— YOUR TASK —
Set down the entries once more exactly as they were written.

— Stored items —
-------

(* For $x\in\mathbb{C}\setminus\{0,1\}$ in a small open set, consider the elliptic curve $v^2=u(u-1)(u-x)$. Let $\mathcal{A},\mathcal{B}$ be generators of its first homology, transported continuously in $x$ and avoiding the branch points and infinity. Let $\gamma=c_1\mathcal{A}+c_2\mathcal{B}$ with constants $c_1,c_2$. Set $$a_1=\oint_\gamma\frac{du}{uv},\qquad a_2=\oint_\gamma\frac{du}{(u-1)v}.$$ Then, wherever the denominator does not vanish, the function $$y(x)=\frac{x\,a_1}{x\,a_1+(x-1)\,a_2}=-\frac{x\oint_\gamma\frac{du}{uv}}{x\oint_\gamma\frac{du}{(u-x)v}+\oint_\gamma\frac{du}{(u-1)v}}$$ solves the Painlevé VI equation with parameters $(\hat\alpha,\hat\beta,\hat\gamma,\hat\delta)=(1/8,-1/8,1/8,3/8)$.
   Context: The Painlevé VI equation with parameters $\hat\alpha,\hat\beta,\hat\gamma,\hat\delta$ is $$y''=\tfrac12\Big(\tfrac1y+\tfrac1{y-1}+\tfrac1{y-x}\Big)(y')^2-\Big(\tfrac1x+\tfrac1{x-1}+\tfrac1{y-x}\Big)y'+\frac{y(y-1)(y-x)}{x^2(x-1)^2}\Big(\hat\alpha+\hat\beta\frac{x}{y^2}+\hat\gamma\frac{x-1}{(y-1)^2}+\hat\delta\frac{x(x-1)}{(y-x)^2}\Big).$$ *)

theory Defs
  imports "HOL-Complex_Analysis.Complex_Analysis"
begin

text \<open>A loop on the affine elliptic curve v^2 = u(u-1)(u-x), represented by its
projection g to the u-plane (a closed piecewise-smooth path avoiding the branch
points 0, 1, x) together with a continuous choice v of the square root along it
(which returns to its initial value, so the lift is closed on the curve).\<close>

definition lifted_cycle_family ::
  "complex set \<Rightarrow> (complex \<Rightarrow> real \<Rightarrow> complex) \<Rightarrow> (complex \<Rightarrow> real \<Rightarrow> complex) \<Rightarrow> bool" where
  "lifted_cycle_family U g v \<longleftrightarrow>
     continuous_on (U \<times> {0..1}) (\<lambda>(x, t). g x t) \<and>
     continuous_on (U \<times> {0..1}) (\<lambda>(x, t). v x t) \<and>
     (\<forall>x\<in>U. valid_path (g x) \<and> pathfinish (g x) = pathstart (g x) \<and> v x 1 = v x 0 \<and>
        (\<forall>t\<in>{0..1}. g x t \<notin> {0, 1, x} \<and> (v x t)\<^sup>2 = g x t * (g x t - 1) * (g x t - x)))"

definition curve_period ::
  "(complex \<Rightarrow> complex) \<Rightarrow> (real \<Rightarrow> complex) \<Rightarrow> (real \<Rightarrow> complex) \<Rightarrow> complex" where
  "curve_period f g v =
     integral {0..1} (\<lambda>t. f (g t) / v t * vector_derivative g (at t within {0..1}))"

definition painleve_VI ::
  "complex \<Rightarrow> complex \<Rightarrow> complex \<Rightarrow> complex \<Rightarrow> (complex \<Rightarrow> complex) \<Rightarrow> complex \<Rightarrow> bool" where
  "painleve_VI al be ga de y x \<longleftrightarrow>
     (let Y = y x; Y' = deriv y x; Y'' = deriv (deriv y) x in
      Y'' = 1/2 * (1/Y + 1/(Y - 1) + 1/(Y - x)) * Y'\<^sup>2
            - (1/x + 1/(x - 1) + 1/(Y - x)) * Y'
            + Y * (Y - 1) * (Y - x) / (x\<^sup>2 * (x - 1)\<^sup>2)
              * (al + be * x / Y\<^sup>2 + ga * (x - 1) / (Y - 1)\<^sup>2 + de * x * (x - 1) / (Y - x)\<^sup>2))"

end

theory Submission
  imports Defs
begin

-------

— RESPONSE AREA —
(* For $x\in\mathbb{C}\setminus\{0,1\}$ in a small open set, consider the elliptic curve $v^2=u(u-1)(u-x)$. Let $\mathcal{A},\mathcal{B}$ be generators of its first homology, transported continuously in $x$ and avoiding the branch points and infinity. Let $\gamma=c_1\mathcal{A}+c_2\mathcal{B}$ with constants $c_1,c_2$. Set $$a_1=\oint_\gamma\frac{du}{uv},\qquad a_2=\oint_\gamma\frac{du}{(u-1)v}.$$ Then, wherever the denominator does not vanish, the function $$y(x)=\frac{x\,a_1}{x\,a_1+(x-1)\,a_2}=-\frac{x\oint_\gamma\frac{du}{uv}}{x\oint_\gamma\frac{du}{(u-x)v}+\oint_\gamma\frac{du}{(u-1)v}}$$ solves the Painlevé VI equation with parameters $(\hat\alpha,\hat\beta,\hat\gamma,\hat\delta)=(1/8,-1/8,1/8,3/8)$.
   Context: The Painlevé VI equation with parameters $\hat\alpha,\hat\beta,\hat\gamma,\hat\delta$ is $$y''=\tfrac12\Big(\tfrac1y+\tfrac1{y-1}+\tfrac1{y-x}\Big)(y')^2-\Big(\tfrac1x+\tfrac1{x-1}+\tfrac1{y-x}\Big)y'+\frac{y(y-1)(y-x)}{x^2(x-1)^2}\Big(\hat\alpha+\hat\beta\frac{x}{y^2}+\hat\gamma\frac{x-1}{(y-1)^2}+\hat\delta\frac{x(x-1)}{(y-x)^2}\Big).$$ *)

theory Defs
  imports "HOL-Complex_Analysis.Complex_Analysis"
begin

text \<open>A loop on the affine elliptic curve v^2 = u(u-1)(u-x), represented by its
projection g to the u-plane (a closed piecewise-smooth path avoiding the branch
points 0, 1, x) together with a continuous choice v of the square root along it
(which returns to its initial value, so the lift is closed on the curve).\<close>

definition lifted_cycle_family ::
  "complex set \<Rightarrow> (complex \<Rightarrow> real \<Rightarrow> complex) \<Rightarrow> (complex \<Rightarrow> real \<Rightarrow> complex) \<Rightarrow> bool" where
  "lifted_cycle_family U g v \<longleftrightarrow>
     continuous_on (U \<times> {0..1}) (\<lambda>(x, t). g x t) \<and>
     continuous_on (U \<times> {0..1}) (\<lambda>(x, t). v x t) \<and>
     (\<forall>x\<in>U. valid_path (g x) \<and> pathfinish (g x) = pathstart (g x) \<and> v x 1 = v x 0 \<and>
        (\<forall>t\<in>{0..1}. g x t \<notin> {0, 1, x} \<and> (v x t)\<^sup>2 = g x t * (g x t - 1) * (g x t - x)))"

definition curve_period ::
  "(complex \<Rightarrow> complex) \<Rightarrow> (real \<Rightarrow> complex) \<Rightarrow> (real \<Rightarrow> complex) \<Rightarrow> complex" where
  "curve_period f g v =
     integral {0..1} (\<lambda>t. f (g t) / v t * vector_derivative g (at t within {0..1}))"

definition painleve_VI ::
  "complex \<Rightarrow> complex \<Rightarrow> complex \<Rightarrow> complex \<Rightarrow> (complex \<Rightarrow> complex) \<Rightarrow> complex \<Rightarrow> bool" where
  "painleve_VI al be ga de y x \<longleftrightarrow>
     (let Y = y x; Y' = deriv y x; Y'' = deriv (deriv y) x in
      Y'' = 1/2 * (1/Y + 1/(Y - 1) + 1/(Y - x)) * Y'\<^sup>2
            - (1/x + 1/(x - 1) + 1/(Y - x)) * Y'
            + Y * (Y - 1) * (Y - x) / (x\<^sup>2 * (x - 1)\<^sup>2)
              * (al + be * x / Y\<^sup>2 + ga * (x - 1) / (Y - 1)\<^sup>2 + de * x * (x - 1) / (Y - x)\<^sup>2))"

end

theory Submission
  imports Defs
begin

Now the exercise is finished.